The Washington PostDemocracy Dies in Darkness

Pennsylvania eases NCLB rules to help charter schools

How is this for fair? Charter schools in Pennsylvania are now being assessed by easier rules than are traditional public schools when it comes to determining whether No Child Left Behind mandates have been met.

The result is that it looks like charter schools, in general, are outperforming traditional public schools when, in fact, they aren’t.

Here’s what happened, according to The Morning Call newspaper. The state’s Education Department changed the rules for assessing whether a charter school had met NCLB’s Adequate Yearly Progress mandate to match the method used for school districts (and it did it before getting the required permission from the federal Department of Education). District rules have been easier to meet than the rules for individual public schools, both public and charter — until, that is, Pennsylvania’s pro-charter officials decided to give individual charter schools a break.

According to the Pennsylvania School Board Association, 44 of 77 charter schools recently labeled as having met the AYP requirements for 2011-12 actually didn’t if compared to the rules that traditional public schools had to meet. Some of the 44 charters even saw declines in proficiency percentages.

The Morning Call quotes Bob Fayfich, executive director of the Pennsylvania Coalition of Public Charter Schools, as saying the changes are fair because some charter schools, including online charters, have more students than some entire traditional school districts.

Even if that ruling made sense for large charter schools (which it doesn’t), it should be noted that the new rules apply to charters of all sizes.

Here’s how the school board association describes the changes:

Currently approved standards for individual Pennsylvania schools require that for a school to meet the academic performance component of AYP based on PSSA [ Pennsylvania System of School Assessment ] testing, the overall student body must meet the annual targets for the percentage of students scoring proficient or above, on both math and reading assessments.
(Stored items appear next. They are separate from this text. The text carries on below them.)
lemma decay_system_Gam:
  fixes Iset :: "'i::countable \<Rightarrow> 'i set"
  assumes gain: "gain_operator Iset gam mu"
    and A_sub: "A \<subseteq> Psi (Gam Iset gam mu)" and A_inv: "\<forall>s\<in>A. Gam Iset gam mu s \<in> A"
    and A_cofinal: "cofinal A" and A_coercive: "coercive A"
    and gatt: "GATT (Gam Iset gam mu)" and asmA: "assumption_A Iset gam"
  obtains \<phi> \<rho> where "decay_system (Gam Iset gam mu) A \<phi> \<rho>"
proof -
  obtain \<xi> where \<xi>: "Kinf \<xi>" "\<And>i s. s \<in> linf_plus \<Longrightarrow> ennreal (\<xi> (supnorm s)) \<le> mu i s"
    using gain_lower[OF gain] by blast
  obtain \<eta> where \<eta>: "Kinf \<eta>" "\<And>i j r. j \<in> Iset i \<Longrightarrow> 0 \<le> r \<Longrightarrow> \<eta> r \<le> gam i j r"
    and nonempty: "\<And>i. Iset i \<noteq> {}"
    using asmA unfolding assumption_A_def by blast
  obtain \<phi> where \<phi>: "Kinf \<phi>" "\<And>s i. s \<in> A \<Longrightarrow> \<phi> (supnorm s) \<le> s i"
    using A_coercive unfolding coercive_def by blast
  have lower: "\<exists>j. (\<xi> \<circ> \<eta>) (s j) \<le> Gam Iset gam mu s i" if s: "\<And>j. 0 \<le> s j" for s i
  proof -
    obtain j where j: "j \<in> Iset i" using nonempty[of i] by blast
    have "\<xi> (\<eta> (s j)) \<le> \<xi> (gam i j (s j))"
      by (rule Kinf_mono[OF \<xi>(1) Kinf_nonneg[OF \<eta>(1) s] \<eta>(2)[OF j s]])
    also have "\<dots> \<le> Gam Iset gam mu s i" by (rule Gam_ge_gain[OF gain, where s=s, OF s j \<xi>])
    finally show ?thesis by (intro exI[of _ j]) (simp add: o_def)
  qed
  have "decay_system (Gam Iset gam mu) A \<phi> (\<xi> \<circ> \<eta>)"
  proof
    show "A \<subseteq> linf_plus" using A_sub by (auto simp: Psi_def)
    show "Gam Iset gam mu s i \<le> s i" if "s \<in> A" for s i using A_sub that by (auto simp: Psi_def)
    show "Kinf (\<xi> \<circ> \<eta>)" by (rule Kinf_comp[OF \<xi>(1) \<eta>(1)])
    show "(\<lambda>k. Gam Iset gam mu (x k) i) \<longlonglongrightarrow> Gam Iset gam mu y i"
      if "\<And>k j. 0 \<le> x k j" "\<And>j. (\<lambda>k. x k j) \<longlonglongrightarrow> y j" for x y i
      by (rule Gam_pointwise_continuous[OF gain that])
    show "Gam Iset gam mu s \<in> A" if "s \<in> A" for s using A_inv that by blast
  qed (fact A_cofinal \<phi>(1) \<phi>(2) gatt lower)+
  then show ?thesis by (rule that)
qed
In addition, the necessary percentage of proficient students in each measurable subgroup (students grouped by race, ethnicity, English language learners, special needs, economically disadvantaged, etc.) must be attained in order for the school to make AYP.

Under the new method PDE is now applying to charter schools, the school’s overall student body would not have to meet PSSA proficiency percentage targets. Instead, a school’s student body would be divided into up to three grade spans (elementary grades 3-5, middle grades 6-8, and high school grades 9-12), and if the students in at least one of those grade spans met proficiency percentage targets, including the subgroups within that span, the entire school would be regarded as having met that component of AYP. Under this methodology, the proficiency percentage of a charter school’s overall student body could decline, and yet PDE would still classify the charter school as having made AYP.